YOUR TASK: What is needed here is an exact transcription of the entries that follow.

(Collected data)
════════════════════

(* Let $S(\mathbf x)$ be the $12\times 34$ symbolic matrix whose entry in row $i$ and column $j$ is a distinct variable if $j$ belongs to the list $R_i$ below and $0$ otherwise: $R_1=\{4,5,6,14,15,16,17,18,19,20,21\}$, $R_2=\{4,7,8,9,14,15,16,17,22,23,24,25\}$, $R_3=\{7,10,11,14,15,18,19,22,26,27\}$, $R_4=\{5,12,13,16,17,20,23,24,28,29,30\}$, $R_5=\{8,10,12,22,23,26,28,29,31,32,33\}$, $R_6=\{1,11,13,18,20,27,30,34\}$, $R_7=\{2,9,24,25,30,31,34\}$, $R_8=\{3,6,19,21,26,31,32,33,34\}$, $R_9=\{1,4,8,21,25,28,32,33\}$, $R_{10}=\{2,5,10,14,18,19,21,27,28,29,32\}$, $R_{11}=\{3,7,13,16,23,24,25,27,29\}$, $R_{12}=\{6,9,11,12,15,17,20,22,26,30,31,33,34\}$ (this is the symbolic slack matrix of the Perles polytope, an $8$-dimensional polytope with $12$ vertices and $34$ facets). Let $x_1,\dots,x_{120}$ be its variables. Then the slack ideal $$I=\langle 10\text{-minors of } S(\mathbf x)\rangle : (x_1x_2\cdots x_{120})^\infty\subseteq\mathbb{C}[x_1,\dots,x_{120}]$$ is not a prime ideal.
   Context: The Perles polytope is the classical $8$-dimensional polytope with $12$ vertices and $34$ facets which is projectively unique and has no rational realization; it is defined by an affine Gale diagram consisting of the points $A,B,C,D,E,F,G,H$ (positive) and $F,G,H,I$ (negative) built from a regular pentagon and its pentagram, with $E,F,H,G$ four vertices of the pentagon, $I$ its center, and $A,B,C,D$ four tips of the pentagram. Its vertices are labelled $A,B,C,D,E,F,G,H,-F,-G,-H,-I$ (rows $1$ to $12$ above) and its $34$ facets (columns) correspond to the minimal positive circuits of the Gale diagram; the entry in row $i$, column $j$ of the slack matrix is nonzero exactly when the vertex $i$ does not lie on facet $j$, which is the pattern given in the claim. For a $d$-polytope, the slack ideal is the ideal of $(d+2)$-minors of the symbolic slack matrix saturated by the product of all variables; here $d=8$. *)

theory Defs
  imports Complex_Main "HOL-Library.Poly_Mapping" "Jordan_Normal_Form.Determinant"
    "Jordan_Normal_Form.DL_Submatrix"
begin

════════════════════

SOLUTION TO THIS PROBLEM:
(* Let $S(\mathbf x)$ be the $12\times 34$ symbolic matrix whose entry in row $i$ and column $j$ is a distinct variable if $j$ belongs to the list $R_i$ below and $0$ otherwise: $R_1=\{4,5,6,14,15,16,17,18,19,20,21\}$, $R_2=\{4,7,8,9,14,15,16,17,22,23,24,25\}$, $R_3=\{7,10,11,14,15,18,19,22,26,27\}$, $R_4=\{5,12,13,16,17,20,23,24,28,29,30\}$, $R_5=\{8,10,12,22,23,26,28,29,31,32,33\}$, $R_6=\{1,11,13,18,20,27,30,34\}$, $R_7=\{2,9,24,25,30,31,34\}$, $R_8=\{3,6,19,21,26,31,32,33,34\}$, $R_9=\{1,4,8,21,25,28,32,33\}$, $R_{10}=\{2,5,10,14,18,19,21,27,28,29,32\}$, $R_{11}=\{3,7,13,16,23,24,25,27,29\}$, $R_{12}=\{6,9,11,12,15,17,20,22,26,30,31,33,34\}$ (this is the symbolic slack matrix of the Perles polytope, an $8$-dimensional polytope with $12$ vertices and $34$ facets). Let $x_1,\dots,x_{120}$ be its variables. Then the slack ideal $$I=\langle 10\text{-minors of } S(\mathbf x)\rangle : (x_1x_2\cdots x_{120})^\infty\subseteq\mathbb{C}[x_1,\dots,x_{120}]$$ is not a prime ideal.
   Context: The Perles polytope is the classical $8$-dimensional polytope with $12$ vertices and $34$ facets which is projectively unique and has no rational realization; it is defined by an affine Gale diagram consisting of the points $A,B,C,D,E,F,G,H$ (positive) and $F,G,H,I$ (negative) built from a regular pentagon and its pentagram, with $E,F,H,G$ four vertices of the pentagon, $I$ its center, and $A,B,C,D$ four tips of the pentagram. Its vertices are labelled $A,B,C,D,E,F,G,H,-F,-G,-H,-I$ (rows $1$ to $12$ above) and its $34$ facets (columns) correspond to the minimal positive circuits of the Gale diagram; the entry in row $i$, column $j$ of the slack matrix is nonzero exactly when the vertex $i$ does not lie on facet $j$, which is the pattern given in the claim. For a $d$-polytope, the slack ideal is the ideal of $(d+2)$-minors of the symbolic slack matrix saturated by the product of all variables; here $d=8$. *)

theory Defs
  imports Complex_Main "HOL-Library.Poly_Mapping" "Jordan_Normal_Form.Determinant"
    "Jordan_Normal_Form.DL_Submatrix"
begin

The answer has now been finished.